Australia provides access to the Office of Parliamentary Counsel drafter to its MPs for drafting of PMBs. Canada provides the assistance of a legislative counsel in drafting PMBs to ensure that they conform with the Canadian Constitution, statutory laws and legislative and parliamentary conventions, should they be given the royal assent.
Often, MPs don’t even have such wherewithal with which they can draft a fool proof bill. Thus, we see many substandard or legally flawed PMBs being introduced on the floor of the House.
Presently, the availability of help for PMB to each MP depends upon their own resources. Few MPs also rely on their respective Legislative Assistant to Member of Parliament (‘LAMP’) Fellows for such drafting, provided to them by the non-profit organization PRS Legislative Research as part of its long-standing LAMP Fellowship.
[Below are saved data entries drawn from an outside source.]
lemma chi_le: "N x = 1 \<Longrightarrow> chi N \<A> p \<le> Sup (inscribed_radii N (sym_hull \<A> p x))"
  unfolding chi_eq
  by (rule cINF_lower[OF bdd_belowI2[of _ 0]]) (simp_all add: Sup_inscribed_radii_nonneg)

lemma chi_ge:
  assumes "\<And>x. N x = 1 \<Longrightarrow> t \<in> inscribed_radii N (sym_hull \<A> p x)"
  shows "t \<le> chi N \<A> p"
  unfolding chi_eq
proof (rule cINF_greatest)
  show "{x. N x = 1} \<noteq> {}" using unit_vector_exists by auto
qed (simp add: assms cSup_upper[OF _ inscribed_radii_sym_hull(1)])

lemma chi_nonneg: "chi N \<A> p \<ge> 0"
  using chi_ge[of 0 p] inscribed_radii_sym_hull(2) by blast

lemma ball_in_sym_hull:
  assumes "N x = 1" "N y \<le> t" "t < chi N \<A> p"
  shows "y \<in> sym_hull \<A> p x"
proof -
  have "t < Sup (inscribed_radii N (sym_hull \<A> p x))" using chi_le[OF assms(1), of p] assms(3) by linarith
  moreover have "inscribed_radii N (sym_hull \<A> p x) \<noteq> {}" using inscribed_radii_sym_hull(2) by blast
  ultimately obtain t' where "t' \<in> inscribed_radii N (sym_hull \<A> p x)" "t < t'"
    using less_cSupD by blast
  thus ?thesis using assms(2) unfolding inscribed_radii_def by auto
qed

text \<open>No nonzero vector is orthogonal to the whole spanning orbit \<open>\<A>\<^sub>p(x)\<close>.\<close>

lemma orbit_projection_pos:
  assumes irr: "irreducible_set \<A>" and p: "CARD('d) - 1 \<le> p" and "x \<noteq> 0" "u \<noteq> 0"
  shows "0 < (\<Sum>A\<in>prods_upto \<A> p. \<bar>inner u (A *v x)\<bar>)"
proof -
  have "\<exists>A\<in>prods_upto \<A> p. inner u (A *v x) \<noteq> 0"
  proof (rule ccontr)
    assume "\<not> ?thesis"
    hence "orthogonal u v" if "v \<in> orbit \<A> p x" for v
      using that unfolding orbit_def orthogonal_def by auto
    hence "orthogonal u u" using orbit_spans[OF irr p \<open>x \<noteq> 0\<close>] by (metis UNIV_I orthogonal_to_span)
    thus False using \<open>u \<noteq> 0\<close> by (simp add: orthogonal_def)
  qed
  then obtain A where "A \<in> prods_upto \<A> p" "inner u (A *v x) \<noteq> 0" by blast
  thus ?thesis using finite_prods_upto[OF finite_family] by (intro sum_pos2[of _ A]) auto
qed

text \<open>By compactness this projection is bounded below uniformly in the unit vectors.\<close>

lemma orbit_projection_bound:
  assumes irr: "irreducible_set \<A>" and p: "CARD('d) - 1 \<le> p"
  shows "\<exists>\<delta>>0. \<forall>u x. norm u = 1 \<longrightarrow> N x = 1 \<longrightarrow> \<delta> \<le> (\<Sum>A\<in>prods_upto \<A> p. \<bar>inner u (A *v x)\<bar>)"
proof -
  define G where "G z = (\<Sum>A\<in>prods_upto \<A> p. \<bar>inner (fst z) (A *v snd z)\<bar>)" for z :: "(real^'d) \<times> (real^'d)"
  let ?D = "sphere (0::real^'d) 1 \<times> {x. N x = 1}"
  have "sphere (0::real^'d) 1 \<noteq> {}" by simp
  hence "?D \<noteq> {}" using unit_vector_exists by auto
  moreover have "compact ?D" using compact_unit_sphere by (intro compact_Times) auto
  moreover have "continuous_on ?D G" unfolding G_def
    by (intro continuous_intros continuous_on_compose2[OF linear_continuous_on[OF
          matrix_vector_mul_bounded_linear]]) auto
  ultimately obtain z0 where z0: "z0 \<in> ?D" "\<forall>z\<in>?D. G z0 \<le> G z"
    using continuous_attains_inf by blast
  have "fst z0 \<noteq> 0" "snd z0 \<noteq> 0" using z0(1) by auto
  hence "G z0 > 0" using orbit_projection_pos[OF irr p] unfolding G_def by blast
  thus ?thesis using z0(2) unfolding G_def by force
qed

text \<open>Hence \<open>\<chi> > 0\<close>: the symmetric hulls contain a Euclidean, thus an \<open>N\<close>-, ball of fixed radius.\<close>

lemma chi_pos:
  assumes irr: "irreducible_set \<A>" and p: "CARD('d) - 1 \<le> p"
  shows "chi N \<A> p > 0"
proof -
  let ?P = "prods_upto \<A> p"
  obtain \<delta> where \<delta>: "\<delta> > 0"
    "\<And>u x. norm u = 1 \<Longrightarrow> N x = 1 \<Longrightarrow> \<delta> \<le> (\<Sum>A\<in>?P. \<bar>inner u (A *v x)\<bar>)"
    using orbit_projection_bound[OF irr p] by blast
  obtain a where a: "a > 0" "\<And>y. a * norm y \<le> N y" using norm_le_N by blast
  have P: "finite ?P" "?P \<noteq> {}" using finite_prods_upto[OF finite_family] id_in_prods_upto by auto
  define t0 where "t0 = a * (\<delta> / card ?P)"
  have t0_pos: "t0 > 0" unfolding t0_def using a \<delta> P by (simp add: card_gt_0_iff)
  have "t0 \<in> inscribed_radii N (sym_hull \<A> p x)" if x: "N x = 1" for x
  proof -
    have "norm y \<le> \<delta> / card ?P" if "N y \<le> t0" for y
    proof -
      have "a * norm y \<le> a * (\<delta> / card ?P)" using a(2)[of y] that unfolding t0_def by linarith
      thus ?thesis using a(1) mult_le_cancel_left_pos by blast
    qed
    hence "{y. N y \<le> t0} \<subseteq> cball 0 (\<delta> / card ?P)" by auto
    also have "\<dots> \<subseteq> convex hull ((\<lambda>A. A *v x) ` ?P \<union> (\<lambda>A. - (A *v x)) ` ?P)"
      using \<delta> x P by (intro cball_in_symmetric_hull) auto
    also have "\<dots> = sym_hull \<A> p x"
      unfolding sym_hull_def orbit_uminus unfolding orbit_def image_image ..
    finally show ?thesis using t0_pos unfolding inscribed_radii_def by auto
  qed
  thus ?thesis using chi_ge t0_pos by (meson less_le_trans)
qed

end

section \<open>The vertex estimate and its iteration\<close>

lemma (in vec_norm) convex_on_N_matrix: "convex_on UNIV (\<lambda>v. N ((C::real^'n^'d) *v v))"
proof (rule convex_onI)
  fix t :: real and u v :: "real^'n" assume "0 < t" "t < 1"
  have "N (C *v ((1 - t) *\<^sub>R u + t *\<^sub>R v)) \<le> N ((1 - t) *\<^sub>R (C *v u)) + N (t *\<^sub>R (C *v v))"
    by (simp add: matrix_vector_right_distrib matrix_vector_mult_scaleR N_triangle)
  thus "N (C *v ((1 - t) *\<^sub>R u + t *\<^sub>R v)) \<le> (1 - t) * N (C *v u) + t * N (C *v v)"
    using \<open>0 < t\<close> \<open>t < 1\<close> by (simp add: N_scaleR)
qed simp

lemma mult_le_of_smaller:
  fixes a c M :: real
  assumes "0 \<le> a" "0 \<le> M" "\<And>t. 0 \<le> t \<Longrightarrow> t < c \<Longrightarrow> t * a \<le> M"
  shows "c * a \<le> M"
proof (rule dense_le)
  fix y assume y: "y < c * a"
  show "y \<le> M"
  proof (cases "y \<le> 0")
    case False
    hence "a \<noteq> 0" using y by auto
    hence "a > 0" using assms(1) by simp
    hence "0 \<le> y / a" "y / a < c" using False y by (simp_all add: divide_less_eq)
    hence "(y / a) * a \<le> M" by (rule assms(3))
    thus ?thesis using \<open>a > 0\<close> by simp
  qed (use assms(2) in simp)
qed

context matrix_family begin

text \<open>The convex function \<open>v \<mapsto> N (C v)\<close> attains its maximum over the hull at a vertex.\<close>

lemma sym_hull_bound:
  assumes "v \<in> sym_hull \<A> p x"
  shows "N (C *v v) \<le> Max ((\<lambda>A. N (C *v (A *v x))) ` prods_upto \<A> p)" (is "_ \<le> ?M")
proof -
  have vertex: "N (C *v w) \<le> ?M" if w: "w \<in> orbit \<A> p x \<union> orbit \<A> p (- x)" for w
  proof -
    obtain A where A: "A \<in> prods_upto \<A> p" "w = A *v x \<or> w = A *v (- x)"
      using w unfolding orbit_def by blast
    hence "N (C *v w) = N (C *v (A *v x))" by (auto simp: matrix_vector_mult_uminus)
    have "N (C *v (A *v x)) \<le> ?M"
      using finite_prods_upto[OF finite_family] A(1) by (intro Max_ge) auto
    thus ?thesis using \<open>N (C *v w) = N (C *v (A *v x))\<close> by simp
  qed
  have "convex_on (sym_hull \<A> p x) (\<lambda>v. N (C *v v))"
    by (rule convex_on_subset[OF convex_on_N_matrix]) (simp_all add: sym_hull_def)
  thus ?thesis using convex_on_convex_hull_bound vertex assms unfolding sym_hull_def by blast
qed

lemma vertex_estimate:
  assumes x: "N x = 1"
  shows "\<exists>A\<in>prods_upto \<A> p. chi N \<A> p * opnorm N C \<le> N (C *v (A *v x))"
proof -
  let ?h = "\<lambda>A. N (C *v (A *v x))"
  define M where "M = Max (?h ` prods_upto \<A> p)"
  obtain A0 where A0: "A0 \<in> prods_upto \<A> p" "M = ?h A0"
    using Max_in[of "?h ` prods_upto \<A> p"] finite_prods_upto[OF finite_family] id_in_prods_upto
    unfolding M_def by fastforce
  have unit_bound: "chi N \<A> p * N (C *v y) \<le> M" if y: "N y = 1" for y
  proof (rule mult_le_of_smaller)
    fix t assume "0 \<le> t" "t < chi N \<A> p"
    hence "t *\<^sub>R y \<in> sym_hull \<A> p x" using x y by (intro ball_in_sym_hull) (auto simp: N_scaleR)
    hence "N (C *v (t *\<^sub>R y)) \<le> M" unfolding M_def by (rule sym_hull_bound)
    thus "t * N (C *v y) \<le> M" using \<open>0 \<le> t\<close> by (simp add: matrix_vector_mult_scaleR N_scaleR)
  qed (auto simp: N_nonneg A0)
  have "chi N \<A> p * opnorm N C \<le> M"
  proof (cases "chi N \<A> p > 0")
    case True
    have "opnorm N C \<le> M / chi N \<A> p"
      using unit_bound True by (intro opnorm_le) (simp add: field_simps mult.commute)
    thus ?thesis using True by (simp add: field_simps mult.commute)
  next
    case False
    thus ?thesis using chi_nonneg[of p] opnorm_nonneg[of C] A0(2) N_nonneg by simp
  qed
  thus ?thesis using A0 by auto
qed
lemma part_join_same_block:
  "A \<in> part_join M T \<alpha> S \<Longrightarrow> x \<in> A \<Longrightarrow> y \<in> A \<Longrightarrow> i \<in> S \<Longrightarrow> \<exists>B\<in>\<alpha>. (T ^^ i) x \<in> B \<and> (T ^^ i) y \<in> B"
  unfolding part_join_def by blast

lemma refines_part_join:
  assumes \<alpha>: "fin_meas_partition M \<alpha>"
    and \<gamma>_space: "\<And>C. C \<in> \<gamma> \<Longrightarrow> C \<subseteq> space M"
    and \<gamma>_blocks: "\<And>C x y i. C \<in> \<gamma> \<Longrightarrow> x \<in> C \<Longrightarrow> y \<in> C \<Longrightarrow> i \<in> S \<Longrightarrow>
                     \<exists>B\<in>\<alpha>. (T ^^ i) x \<in> B \<and> (T ^^ i) y \<in> B"
  shows "refines \<gamma> (part_join M T \<alpha> S)"
  unfolding refines_def
proof (intro ballI impI subsetI)
  fix C A y assume C: "C \<in> \<gamma>" and A: "A \<in> part_join M T \<alpha> S" and "A \<inter> C \<noteq> {}" and y: "y \<in> C"
  then obtain x where x: "x \<in> A" "x \<in> C" by blast
  obtain f where f: "\<forall>i\<in>S. f i \<in> \<alpha>" and A_eq: "A = space M \<inter> (\<Inter>i\<in>S. (T ^^ i) -` f i)"
    using A unfolding part_join_def by blast
  have "(T ^^ i) y \<in> f i" if i: "i \<in> S" for i
  proof -
    obtain B where B: "B \<in> \<alpha>" "(T ^^ i) x \<in> B" "(T ^^ i) y \<in> B"
      using \<gamma>_blocks[OF C x(2) y i] by blast
    have "(T ^^ i) x \<in> f i" using x(1) i A_eq by auto
    hence "B \<inter> f i \<noteq> {}" using B(2) by blast
    hence "B = f i" using fin_meas_partition_disjoint[OF \<alpha> \<open>B \<in> \<alpha>\<close>, of "f i"] f i by blast
    thus ?thesis using B by simp
  qed
  thus "y \<in> A" using y \<gamma>_space[OF C] A_eq by auto
qed

lemma part_join_empty: "part_join M T \<alpha> {} = {space M}"
  unfolding part_join_def by simp

lemma part_join_zero:
  assumes "fin_meas_partition M \<alpha>"
  shows "part_join M T \<alpha> {0} = \<alpha>"
proof -
  have "B \<subseteq> space M" if "B \<in> \<alpha>" for B
    using assms that unfolding fin_meas_partition_def by auto
  hence "part_join M T \<alpha> {0} = (\<lambda>B. space M \<inter> B) ` \<alpha>" unfolding part_join_def by auto
  also have "\<dots> = \<alpha>" using \<open>\<And>B. B \<in> \<alpha> \<Longrightarrow> B \<subseteq> space M\<close> by (auto simp: Int_absorb1 image_iff)
  finally show ?thesis .
qed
Thus, in the list of PMBs, we see the names of front benchers dominate the list.
Also read: The Decline of the Parliamentary Process in India
Making PMBs work
Members in the House represent diverse interests and ideas. Often, PMBs are the culmination of these ideas which doesn’t necessarily trigger academic debate but also serves as a clue for the government for its own laws and policies on the subject. In 2015, a PMB moved by Dravida Munnetra Kazhagam MP Tiruchi Siva called the Rights of Transgenders Persons Bill, 2014 was passed by Rajya Sabha. The government asked the MP to withdraw the bill (the PMB ultimately lapsed) and promised to bring its own comprehensive legislation for transgender people. The government bill was introduced and passed by the Parliament in 2019.
The increase in deliberation time will only improve the quality of debates, instead of mere introduction of bills. According to an analysis in the 16th Lok Sabha, out of 900 PMBs, only two per cent were discussed, and in 14th Lok Sabha, there were 328 such bills introduced, of which only 14 were discussed.
The topics of PMBs inform the public of the Parliament’s stand on an issue. For instance, the recent discussion on two PMBs: the Compulsory Voting Bill, 2019 and the Population Regulation Bill, 2019 have addressed two important issues and stirred debates in academia and policy circles.
The involvement of committees and availability of resources can improve the quality of these PMBs and make them more representative, increasing their chance of becoming laws. New Zealand passed a PMB in 2019 called the End of Life Choice Act 2019, which deals with euthanasia and assisted suicide. In Australia, we saw a PMB becoming law in 2017 in the form of the Marriage Amendment (definition of Religious freedoms) Act 2017.
Outlook defined PMBs as “often heard, hardly discussed and rarely passed”. The purpose of these suggestive measures is to change it to – frequently heard, often discussed and sometimes passed.